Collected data
lemma generate_subset_hat_singleton_if_primepow:
  assumes "x \<in> carrier G" and "primepow (ord x)"
  shows "generate G {x} \<subseteq> hat G {x}"
proof
  fix z assume "z \<in> generate G {x}"
  then obtain i :: nat where z: "z = x [^] i" using mem_generate_iff[OF assms(1)] by blast
  have "z \<in> cnbhd G w" if w: "w \<in> cnbhd G x" for w
  proof -
    have "w \<in> carrier G" using w unfolding cnbhd_def by simp
    from w have "generate G {w} \<subseteq> generate G {x} \<or> generate G {x} \<subseteq> generate G {w}"
      using mem_cnbhd_iff[OF assms(1)] by simp
    then have "generate G {z} \<subseteq> generate G {w} \<or> generate G {w} \<subseteq> generate G {z}"
    proof
      assume "generate G {w} \<subseteq> generate G {x}"
      then obtain j :: nat where "w = x [^] j"
        using generate_singleton_subset_iff[OF assms(1) \<open>w \<in> carrier G\<close>] mem_generate_iff[OF assms(1)]
        by blast
      then show ?thesis using generate_pow_chain_if_primepow[OF assms, of i j] z by simp
    next
      assume "generate G {x} \<subseteq> generate G {w}"
      then show ?thesis using generate_pow_subset[OF assms(1), of i] z by blast
    qed
    then show ?thesis using mem_cnbhd_iff[OF \<open>w \<in> carrier G\<close>] z assms(1) by simp
  qed
  then show "z \<in> hat G {x}" unfolding mem_hat_singleton_iff using z assms(1) by simp
qed

lemma hat_singleton_inter_generate_subset:
  assumes "x \<in> carrier G" and "\<not> primepow (ord x)"
  shows "hat G {x} \<inter> generate G {x} \<subseteq> diamond_class G x \<union> {\<one>}"
proof
  fix z assume z: "z \<in> hat G {x} \<inter> generate G {x}"
  let ?n = "ord x" and ?d = "ord z"
  have "z \<in> carrier G" using z by (simp add: mem_hat_singleton_iff)
  have sub: "generate G {z} \<subseteq> generate G {x}"
    using z generate_singleton_subset_iff[OF assms(1) \<open>z \<in> carrier G\<close>] by simp
  have "?n > 0" using ord_ge_1[OF finite_carrier assms(1)] by simp
  have comparable: "e dvd ?d \<or> ?d dvd e" if e: "e dvd ?n" for e
  proof -
    obtain c where c: "?n = e * c" using e by (rule dvdE)
    then have "c > 0" using \<open>?n > 0\<close> by simp
    let ?w = "x [^] c"
    have "?w \<in> carrier G" using assms(1) by simp
    have "ord ?w = e" using ord_pow[OF assms(1), of c] c \<open>c > 0\<close> by simp
    have "?w \<in> cnbhd G x"
      using mem_cnbhd_iff[OF assms(1)] generate_pow_subset[OF assms(1)] assms(1) by simp
    then have "z \<in> cnbhd G ?w" using z by (simp add: mem_hat_singleton_iff)
    then have "generate G {z} \<subseteq> generate G {?w} \<or> generate G {?w} \<subseteq> generate G {z}"
      using mem_cnbhd_iff[OF \<open>?w \<in> carrier G\<close>] by simp
    then show ?thesis
      using dvd_ord_if_generate_subset[OF \<open>?w \<in> carrier G\<close> \<open>z \<in> carrier G\<close>]
        dvd_ord_if_generate_subset[OF \<open>z \<in> carrier G\<close> \<open>?w \<in> carrier G\<close>] \<open>ord ?w = e\<close>
      by auto
  qed
  show "z \<in> diamond_class G x \<union> {\<one>}"
  proof (rule ccontr)
    assume z_notin: "z \<notin> diamond_class G x \<union> {\<one>}"
    then have "?d \<noteq> ?n"
      using generate_eq_if_subset_ord_eq[OF assms(1) \<open>z \<in> carrier G\<close> sub] \<open>z \<in> carrier G\<close>
      unfolding diamond_class_def by auto
    moreover have "?d \<noteq> 1" using ord_eq_1[OF \<open>z \<in> carrier G\<close>] z_notin by auto
    ultimately have "primepow ?n"
      using primepow_if_divisor_comparable[OF \<open>?n > 0\<close>
          dvd_ord_if_generate_subset[OF assms(1) \<open>z \<in> carrier G\<close> sub]] comparable
      by blast
    then show False using assms(2) by contradiction
  qed
qed

lemma hat_singleton_eq_generate_if_primepow:
  assumes "x \<in> carrier G" and "x \<noteq> \<one>" and "card (hat G {x}) \<le> 2 * totient (ord x)"
    and "primepow (ord x)"
  shows "hat G {x} = generate G {x}"
  using hat_singleton_subset_generate[OF assms(1-3)]
    generate_subset_hat_singleton_if_primepow[OF assms(1,4)] by (rule subset_antisym)

lemma hat_singleton_eq_if_not_primepow:
  assumes "x \<in> carrier G" and "x \<noteq> \<one>" and "card (hat G {x}) \<le> 2 * totient (ord x)"
    and "\<not> primepow (ord x)"
  shows "hat G {x} = diamond_class G x \<union> {\<one>}"
proof (rule subset_antisym)
  show "hat G {x} \<subseteq> diamond_class G x \<union> {\<one>}"
    using hat_singleton_subset_generate[OF assms(1-3)]
      hat_singleton_inter_generate_subset[OF assms(1,4)] by blast
  show "diamond_class G x \<union> {\<one>} \<subseteq> hat G {x}"
    using diamond_class_subset_hat_singleton[OF assms(1)] one_mem_hat_singleton[OF assms(1)]
    by simp
qed

end

theorem mainTheorem1:
  fixes G :: "('a, 'b) monoid_scheme" and C :: "'a set" and p r s :: nat
  assumes "group G" and "finite (carrier G)"
    and "first_type G C"
    and "Factorial_Ring.prime p" and "r \<ge> 2" and "s \<le> r - 2"
    and "card (hat G C) = p ^ r" and "card C = p ^ r - p ^ s"
  shows "hat G C = C \<union> {one G} \<and> s = 0 \<and>
    (\<exists>y \<in> carrier G. C = diamond_class G y \<and> \<not> primepow (group.ord G y) \<and>
        totient (group.ord G y) = p ^ r - 1)"
proof -
  interpret finite_group G using assms(1,2) by (simp add: finite_group_def finite_group_axioms_def)
  obtain x where x: "x \<in> carrier G" "x \<noteq> \<one>\<^bsub>G\<^esub>" "C = diamond_class G x" "C = N_class G x"
    using first_typeE[OF assms(3)] by blast
  have hat: "hat G C = hat G {x}" using hat_N_class[OF x(1)] x(4) by simp
  have card_C: "card C = totient (group.ord G x)" using card_diamond_class[OF x(1)] x(3) by simp
  have "2 * p ^ s \<le> p ^ r" using two_mult_prime_power_le[OF assms(4)] assms(5,6) by simp
  then have small: "card (hat G {x}) \<le> 2 * totient (group.ord G x)"
    using assms(7,8) hat card_C by simp
  have not_primepow: "\<not> primepow (group.ord G x)"
  proof
    assume "primepow (group.ord G x)"
    then have "totient (p ^ r) = p ^ r - p ^ s"
      using hat_singleton_eq_generate_if_primepow[OF x(1,2) small] generate_pow_card[OF x(1)]
        hat card_C assms(7,8) by simp
    then show False using totient_prime_power_eq_diff_iff[OF assms(4)] assms(5,6) by simp
  qed
  have hat_eq: "hat G C = C \<union> {\<one>\<^bsub>G\<^esub>}"
    using hat_singleton_eq_if_not_primepow[OF x(1,2) small not_primepow] hat x(3) by simp
  moreover have "\<one>\<^bsub>G\<^esub> \<notin> C" using one_mem_diamond_class_iff[OF x(1)] x(2,3) by simp
  ultimately have "p ^ r = p ^ r - p ^ s + 1" using finite_diamond_class x(3) assms(7,8) by simp
  moreover have "p ^ s \<le> p ^ r"
    using prime_gt_0_nat[OF assms(4)] assms(5,6) by (intro power_increasing) auto
  ultimately have "p ^ s = 1" by linarith
  then have "s = 0" using one_less_power[OF prime_gt_1_nat[OF assms(4)]] by (cases "s = 0") auto
  moreover have "totient (group.ord G x) = p ^ r - 1" using card_C assms(8) \<open>p ^ s = 1\<close> by simp
  ultimately show ?thesis using hat_eq x(1,3) not_primepow by blast
qed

EXERCISE - Going through the entries above, show each line that contains "esub".

SOLUTION FOR THIS PROBLEM -
  obtain x where x: "x \<in> carrier G" "x \<noteq> \<one>\<^bsub>G\<^esub>" "C = diamond_class G x" "C = N_class G x"
  have hat_eq: "hat G C = C \<union> {\<one>\<^bsub>G\<^esub>}"
  moreover have "\<one>\<^bsub>G\<^esub> \<notin> C" using one_mem_diamond_class_iff[OF x(1)] x(2,3) by simp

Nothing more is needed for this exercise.